Multiple factors are involved in tumor progression, and numerous recent studies have implicated lncRNAs as critical regulators of these processes. In the present study, we identified a NSCLC metastasis-associated lncRNA LINC01234, which is highly expressed in metastatic NSCLC tissues and significantly associated with shorter survival time. In addition, modulation of LINC01234 expression revealed its oncogenic activity through promotion of cell migration, invasion, supporting a potential role for LINC01234 dysregulation in NSCLC progression. Indeed, complementary in vivo studies using a mouse model revealed that LINC01234 plays a key role in tumor metastasis.
A great number of recent studies have demonstrated that lncRNAs contribute to cancer progression through numerous mechanisms; for example, by recruiting histone modification enzymes (such as EZH2, SUZ12, and LSD1) that repress or activate gene transcription [
15,
16] acting as competing endogenous RNAs (ceRNAs) or sponges to inhibit microRNA (miRNA) activity [
11], interacting with RNA-binding proteins (e.g., STAU1, UPF1, and hnRNPL) to regulate mRNA stability [
10,
17,
18] and encoding small active peptide [
19]. In the present study, we investigated the molecular mechanisms through which LINC01234 regulated the tumor progression-related behavior of NSCLC cells, and found that LINC01234 interacted with several RNA-binding proteins, including Ago2, EZH2, LSD1 and SUZ12. Accumulating evidence has revealed the existence of a widespread ceRNA interaction network in which lncRNAs compete with miRNAs for binding sites in the 3′-UTR of target mRNAs. For example, HOXA11-AS promotes gastric cancer cell growth by functioning as a ceRNA for miR-1297 [
16], while HOXD-AS1 acts as a ceRNA for miR-130a-3p and facilitates liver cancer metastasis by regulating SOX4 [
20]. Here, we showed that LINC01234 is a ceRNA for miR-340-5p and miR-27b-3p and antagonizes their repression of VAV3 protein translation in NSCLC cells. MiR-340 and miR-27b have been reported to have tumor-suppressive functions in multiple cancers. For instance, Li et al. reported that miR-340 inhibits ovarian cancer metastasis via inactivation of NF-x03BA;B1 [
21]. Yan et al. found that miRNA-340 inhibits the invasion of esophageal cancer by targeting phosphoserine aminotransferase 1 [
22]. MiR-27b has also been shown to inhibit gastric cancer metastasis by targeting NR2F2 [
23], and suppress NSCLC invasion by targeting SP1 [
24]. In addition to these findings, our results showed that overexpression of miRNA-340 and miR-27b repressed NSCLC cell invasion by targeting VAV3 expression. The VAV family of guanine nucleotide exchange factors participates in numerous important pathological processes, including oncogenesis and cell transformation. Recent studies showed that VAV3 expression is increased in breast, prostate, and colorectal cancer [
25‐
27], and VAV3 promoted cell metastasis in gastric cancer [
28]. Consistent with this, we also found that VAV3 was upregulated in NSCLC, and its knockdown inhibited NSCLC cell invasion. These findings suggest that the LINC01234–miR-340-5p/miR-27b-3p–VAV3 axis plays important roles in the progression of NSCLC.

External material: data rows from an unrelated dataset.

lemma flip_prob_bounds:
  assumes "0 \<le> p" "p \<le> 1" "0 \<le> \<nu>" "\<nu> \<le> 1"
  shows "0 \<le> flip_prob \<nu> p" "flip_prob \<nu> p \<le> 1"
proof -
  show "0 \<le> flip_prob \<nu> p"
    using assms by (simp add: flip_prob_def)
  have "0 \<le> 1 - flip_prob \<nu> p"
    unfolding one_minus_flip_prob using assms by simp
  then show "flip_prob \<nu> p \<le> 1" by simp
qed

lemma bernoulli_pmf_xor:
  assumes "0 \<le> p" "p \<le> 1" "0 \<le> \<nu>" "\<nu> \<le> 1"
  shows "do { y \<leftarrow> bernoulli_pmf p; f \<leftarrow> bernoulli_pmf \<nu>; return_pmf (y \<noteq> f) }
       = bernoulli_pmf (flip_prob \<nu> p)"
proof (rule pmf_eqI)
  fix b :: bool
  show "pmf (do { y \<leftarrow> bernoulli_pmf p; f \<leftarrow> bernoulli_pmf \<nu>; return_pmf (y \<noteq> f) }) b
      = pmf (bernoulli_pmf (flip_prob \<nu> p)) b"
    using assms flip_prob_bounds[OF assms]
    by (cases b) (simp_all add: pmf_bind flip_prob_def algebra_simps)
qed

lemma noisy_labels_eq_Pi_pmf:
  assumes "0 \<le> p" "p \<le> 1" "0 \<le> \<nu>" "\<nu> \<le> 1"
  shows "noisy_labels m p \<nu> = Pi_pmf {1..m} False (\<lambda>_. bernoulli_pmf (flip_prob \<nu> p))"
proof -
  let ?A = "{1..m}"
  let ?Y = "Pi_pmf ?A False (\<lambda>_. bernoulli_pmf p)" and ?F = "Pi_pmf ?A False (\<lambda>_. bernoulli_pmf \<nu>)"
  have xor: "Pi_pmf ?A False (\<lambda>x. return_pmf (Y x \<noteq> F x)) = return_pmf (\<lambda>i. Y i \<noteq> F i)"
    if "Y \<in> set_pmf ?Y" "F \<in> set_pmf ?F" for Y F
  proof -
    have outside: "Y x = False" "F x = False" if "x \<notin> ?A" for x
      using set_Pi_pmf_subset[of ?A False] \<open>Y \<in> set_pmf ?Y\<close> \<open>F \<in> set_pmf ?F\<close> that by blast+
    have "Pi_pmf ?A False (\<lambda>x. return_pmf (Y x \<noteq> F x))
        = return_pmf (\<lambda>x. if x \<in> ?A then Y x \<noteq> F x else False)"
      by (rule Pi_pmf_return_pmf) simp
    also have "(\<lambda>x. if x \<in> ?A then Y x \<noteq> F x else False) = (\<lambda>i. Y i \<noteq> F i)"
      using outside by auto
    finally show ?thesis .
  qed
  have "Pi_pmf ?A False (\<lambda>_. bernoulli_pmf (flip_prob \<nu> p))
      = Pi_pmf ?A False (\<lambda>_. bernoulli_pmf p \<bind> (\<lambda>y. bernoulli_pmf \<nu> \<bind> (\<lambda>f. return_pmf (y \<noteq> f))))"
    by (simp only: bernoulli_pmf_xor[OF assms])
  also have "\<dots> = ?Y \<bind> (\<lambda>Y. Pi_pmf ?A False (\<lambda>x. bernoulli_pmf \<nu> \<bind> (\<lambda>f. return_pmf (Y x \<noteq> f))))"
    by (rule Pi_pmf_bind[where d' = False]) simp
  also have "\<dots> = ?Y \<bind> (\<lambda>Y. ?F \<bind> (\<lambda>F. Pi_pmf ?A False (\<lambda>x. return_pmf (Y x \<noteq> F x))))"
    by (intro bind_pmf_cong refl Pi_pmf_bind[where d' = False]) simp
  also have "\<dots> = noisy_labels m p \<nu>"
    unfolding noisy_labels_def by (intro bind_pmf_cong refl xor)
  finally show ?thesis ..
qed

lemma prob_Pi_pmf_bernoulli_card_eq_1:
  assumes "finite A" "0 \<le> r" "r \<le> 1"
  shows "measure_pmf.prob (Pi_pmf A False (\<lambda>_. bernoulli_pmf r)) {f. card {i\<in>A. f i} = 1}
       = real (card A) * r * (1 - r) ^ (card A - 1)"
proof -
  let ?M = "Pi_pmf A False (\<lambda>_. bernoulli_pmf r)"
  let ?S = "{f. card {i\<in>A. f i} = 1}"
  let ?I = "(\<lambda>j i. i = j) ` A"
  have outside: "f i = False" if "f \<in> set_pmf ?M" "i \<notin> A" for f i
    using set_Pi_pmf_subset[OF assms(1), of False] that by blast
  have support: "?S \<inter> set_pmf ?M = ?I \<inter> set_pmf ?M"
  proof (intro equalityI subsetI)
    fix f assume f: "f \<in> ?S \<inter> set_pmf ?M"
    then obtain j where j: "{i\<in>A. f i} = {j}"
      by (auto simp: card_1_singleton_iff)
    have "f = (\<lambda>i. i = j)"
    proof
      fix i
      show "f i = (i = j)"
        using j outside[of f i] f by (cases "i \<in> A") auto
    qed
    with j f show "f \<in> ?I \<inter> set_pmf ?M" by blast
  next
    fix f assume f: "f \<in> ?I \<inter> set_pmf ?M"
    then obtain j where "j \<in> A" "f = (\<lambda>i. i = j)" by blast
    then have "{i\<in>A. f i} = {j}" by auto
    with f show "f \<in> ?S \<inter> set_pmf ?M" by simp
  qed
  have "measure_pmf.prob ?M ?S = measure_pmf.prob ?M (?S \<inter> set_pmf ?M)"
    by (rule measure_Int_set_pmf[symmetric])
  also have "\<dots> = measure_pmf.prob ?M ?I"
    by (simp only: support measure_Int_set_pmf)
  also have "\<dots> = (\<Sum>j\<in>A. pmf ?M (\<lambda>i. i = j))"
    using assms(1)
    by (simp add: measure_measure_pmf_finite, subst sum.reindex) (auto simp: inj_on_def fun_eq_iff)
  also have "\<dots> = (\<Sum>j\<in>A. r * (1 - r) ^ (card A - 1))"
  proof (rule sum.cong[OF refl])
    fix j assume j: "j \<in> A"
    have "pmf ?M (\<lambda>i. i = j) = (\<Prod>x\<in>A. pmf (bernoulli_pmf r) (x = j))"
      using assms(1) j by (subst pmf_Pi) auto
    also have "\<dots> = pmf (bernoulli_pmf r) True * (\<Prod>x\<in>A - {j}. pmf (bernoulli_pmf r) (x = j))"
      using assms(1) j by (subst prod.remove[of _ j]) auto
    also have "(\<Prod>x\<in>A - {j}. pmf (bernoulli_pmf r) (x = j)) = (\<Prod>x\<in>A - {j}. 1 - r)"
      using assms by (intro prod.cong) auto
    finally show "pmf ?M (\<lambda>i. i = j) = r * (1 - r) ^ (card A - 1)"
      using assms j by (simp add: card_Diff_singleton)
  qed
  finally show ?thesis by simp
qed

lemma auc_pair_pmf_bool:
  fixes M N :: "bool pmf"
  shows "measure_pmf.prob (pair_pmf M N) {(a, b). a \<and> \<not> b}
           + 1/2 * measure_pmf.prob (pair_pmf M N) {(a, b). a = b}
         = 1/2 + (pmf M True - pmf N True) / 2"
proof -
  have M: "pmf M False = 1 - pmf M True" and N: "pmf N False = 1 - pmf N True"
    using pmf_False_conv_True by auto
  have "{(a, b). a \<and> \<not> b} = {(True, False)}" "{(a, b). a = b} = {(True, True), (False, False)}"
    by auto
  then show ?thesis
    by (simp add: measure_measure_pmf_finite pmf_pair M N field_simps)
qed

definition num_true :: "nat \<Rightarrow> (nat \<Rightarrow> bool) \<Rightarrow> nat" where
  "num_true m f = card {i\<in>{1..m}. f i}"

lemma rbar_anchor_True:
  assumes "1 \<le> k" "k \<le> m" "\<delta> > 0"
  shows "rbar m \<delta> k (True, f) = (if k \<le> num_true m f then 1 + \<delta> else 1)"
proof -
  let ?xs = "[1..<m+1]"
  let ?g = "\<lambda>i. score \<delta> True (f i)"
  let ?T = "filter f ?xs" and ?F = "filter (\<lambda>i. \<not> f i) ?xs"
  have g: "?g i = (if f i then 1 + \<delta> else 1)" for i
    by (simp add: score_def)
  have length_T: "length ?T = num_true m f"
    unfolding num_true_def by (subst distinct_length_filter) (auto intro!: arg_cong[where f = card])
  have length_F: "length ?F = m - num_true m f"
    using sum_length_filter_compl[of f ?xs] length_T by (simp del: upt_Suc)
  have map_T: "map ?g ?T = replicate (length ?T) (1 + \<delta>)"
    by (intro replicate_eqI) (auto simp: g)
  have map_F: "map ?g ?F = replicate (length ?F) 1"
    by (intro replicate_eqI) (auto simp: g)
  have "mset (map ?g ?xs) = mset (map ?g ?T) + mset (map ?g ?F)"
    by (metis mset_filter image_mset_union mset_map multiset_partition)
  also have "\<dots> = mset (replicate (length ?F) 1 @ replicate (length ?T) (1 + \<delta>))"
    unfolding map_T map_F mset_append by (rule add.commute)
  finally have "sort (map ?g ?xs) = replicate (length ?F) 1 @ replicate (length ?T) (1 + \<delta>)"
    using assms(3) by (intro properties_for_sort) (auto simp: sorted_append)
  then have "rbar m \<delta> k (True, f) = (replicate (length ?T) (1 + \<delta>) @ replicate (length ?F) 1) ! (k - 1)"
    by (simp add: rbar_def)
  then show ?thesis
    using assms length_T length_F by (auto simp: nth_append)
qed

lemma sample_pmf_anchors_True:
  "sample_pmf m \<rho> q \<nu> (return_pmf (True, True)) =
     map_pmf (\<lambda>(a, b). ((True, a), (True, b))) (pair_pmf (noisy_labels m \<rho> \<nu>) (noisy_labels m q \<nu>))"
  by (simp add: sample_pmf_def pair_pmf_def map_bind_pmf bind_return_pmf)

lemma probW_anchors_True:
  assumes "1 \<le> k" "k \<le> m" "\<delta> > 0"
  shows "probW m \<rho> q \<nu> (return_pmf (True, True)) \<delta> k =
    1/2 + (measure_pmf.prob (noisy_labels m \<rho> \<nu>) {f. k \<le> num_true m f}
         - measure_pmf.prob (noisy_labels m q \<nu>) {f. k \<le> num_true m f}) / 2"
proof -
  let ?P = "noisy_labels m \<rho> \<nu>" and ?N = "noisy_labels m q \<nu>"
  let ?above = "\<lambda>f. k \<le> num_true m f"
  let ?val = "\<lambda>a. if a then 1 + \<delta> else 1 :: real"
  define B where "B = pair_pmf (map_pmf ?above ?P) (map_pmf ?above ?N)"
  have sample: "measure_pmf.prob (sample_pmf m \<rho> q \<nu> (return_pmf (True, True)))
      {(P, N). R (rbar m \<delta> k P) (rbar m \<delta> k N)} = measure_pmf.prob B {(a, b). R (?val a) (?val b)}"
    for R :: "real \<Rightarrow> real \<Rightarrow> bool"
  proof -
    have "B = map_pmf (\<lambda>(a, b). (?above a, ?above b)) (pair_pmf ?P ?N)"
      unfolding B_def by (rule map_pair[symmetric])
    then show ?thesis
      using assms by (simp add: sample_pmf_anchors_True rbar_anchor_True vimage_def case_prod_beta)
  qed
  have greater: "{(a, b). ?val a > ?val b} = {(a, b). a \<and> \<not> b}"
    and equal: "{(a, b). ?val a = ?val b} = {(a, b). a = b}"
    using assms(3) by (auto split: if_splits)
  have "pmf (map_pmf ?above M) True = measure_pmf.prob M {f. ?above f}" for M
    by (simp add: pmf_map vimage_def)
  then show ?thesis
    unfolding probW_def sample[of "\<lambda>x y. x > y"] sample[of "(=)"] greater equal
    unfolding B_def auc_pair_pmf_bool by simp
qed

lemma prob_ge_1_eq_1_plus_ge_2:
  fixes c :: "'a \<Rightarrow> nat"
  shows "measure_pmf.prob M {x. 1 \<le> c x}
       = measure_pmf.prob M {x. c x = 1} + measure_pmf.prob M {x. 2 \<le> c x}"
proof -
  have "{x. 1 \<le> c x} = {x. c x = 1} \<union> {x. 2 \<le> c x}"
    by auto
  also have "measure_pmf.prob M \<dots> = measure_pmf.prob M {x. c x = 1} + measure_pmf.prob M {x. 2 \<le> c x}"
    by (rule measure_pmf.finite_measure_Union) auto
  finally show ?thesis .
qed

theorem lemma4:
  fixes m :: nat and \<rho> q \<nu> \<delta> :: real and D :: "(bool \<times> bool) pmf"
  assumes "m \<ge> 2" and "q > 0" and "q < \<rho>" and "\<rho> < 1"
    and "0 \<le> \<nu>" and "\<nu> < 1/2" and "\<delta> > 0"
    and "D = return_pmf (True, True)"
  shows "let \<rho>' = (1 - \<nu>) * \<rho> + \<nu> * (1 - \<rho>);
             q' = (1 - \<nu>) * q + \<nu> * (1 - q);
             a = 1 - \<rho>';
             \<gamma> = (1 - q') / (1 - \<rho>');
             A = real m * (1 - a) * a ^ (m - 1);
             G = real m * (1 - \<gamma> * a) * (\<gamma> * a) ^ (m - 1)
         in probW m \<rho> q \<nu> D \<delta> 2 - probW m \<rho> q \<nu> D \<delta> 1 = 1/2 * (G - A)"
proof -
  have m: "1 \<le> m" "2 \<le> m"
    using assms(1) by simp_all
  have probabilities: "0 \<le> q" "q \<le> 1" "0 \<le> \<rho>" "\<rho> \<le> 1"
    using assms(2-4) by simp_all
  have \<nu>: "0 \<le> \<nu>" "\<nu> \<le> 1"
    using assms by simp_all
  have exactly_one: "measure_pmf.prob (noisy_labels m p \<nu>) {f. num_true m f = 1}
      = real m * flip_prob \<nu> p * (1 - flip_prob \<nu> p) ^ (m - 1)" if "0 \<le> p" "p \<le> 1" for p
    unfolding num_true_def noisy_labels_eq_Pi_pmf[OF that \<nu>]
    using prob_Pi_pmf_bernoulli_card_eq_1[of "{1..m}", OF finite_atLeastAtMost flip_prob_bounds[OF that \<nu>]]
    by simp
  have "probW m \<rho> q \<nu> D \<delta> 2 - probW m \<rho> q \<nu> D \<delta> 1
      = 1/2 * (measure_pmf.prob (noisy_labels m q \<nu>) {f. num_true m f = 1}
             - measure_pmf.prob (noisy_labels m \<rho> \<nu>) {f. num_true m f = 1})"
    unfolding assms(8) probW_anchors_True[OF order_refl m(1) assms(7)]
      probW_anchors_True[OF one_le_numeral m(2) assms(7)] prob_ge_1_eq_1_plus_ge_2[where c = "num_true m"]
    by argo
  also have "\<dots> = 1/2 * (real m * flip_prob \<nu> q * (1 - flip_prob \<nu> q) ^ (m - 1)
                        - real m * flip_prob \<nu> \<rho> * (1 - flip_prob \<nu> \<rho>) ^ (m - 1))"
    unfolding exactly_one[OF probabilities(1,2)] exactly_one[OF probabilities(3,4)] ..
  finally have difference: "probW m \<rho> q \<nu> D \<delta> 2 - probW m \<rho> q \<nu> D \<delta> 1 = \<dots>" .
  have "1 - flip_prob \<nu> \<rho> > 0"
    using assms by (simp add: one_minus_flip_prob add_pos_nonneg)
  then show ?thesis
    unfolding Let_def flip_prob_def[symmetric] difference by simp
qed

end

Our data showed that, in addition to functioning as a ceRNA in the cytoplasm, LINC01234 interacts with some well-known histone modification enzymes, such as EZH2, SUZ12, and LSD1, to repress target gene expression (BTG2) in the nucleus. EZH2 and SUZ12 are core subunits of the Polycomb repressive complex 2 (PRC2), which suppresses gene transcription by trimethylating H3K27. In human melanoma cells, loss of EZH2 partially interfered with invasion capacity [
29]. LSD1, one of the first discovered protein lysine demethylases, demethylates H3K4me2 to H3K4me1 or H3K4me0 [
30]. LSD1 has been found to contribute to invasion and metastasis of luminal breast cancer cells [
31]. We propose that LINC01234 acts as a scaffold and recruits EZH2 and LSD1 to the promoter regions of BTG2, thereby repressing its transcription in NSCLC cells. BTG2 is a newly identified tumor suppressor that belongs to the BTG/TOB family, and many studies have revealed that BTG2 is downregulated in various cancers, including breast cancer, osteosarcoma, and bladder cancer. BTG2 inhibited the hepatocellular carcinoma cell invasion and metastasis [
32‐
34]. Our data show that BTG2 expression is reduced in NSCLC tissues compared with normal lung tissues, and is associated with shorter patient survival. In NSCLC, overexpression of BTG2 inhibited cell invasion, and rescue experiments confirmed that the oncogenic function of LINC01234 is partly dependent on repression of BTG2 transcription.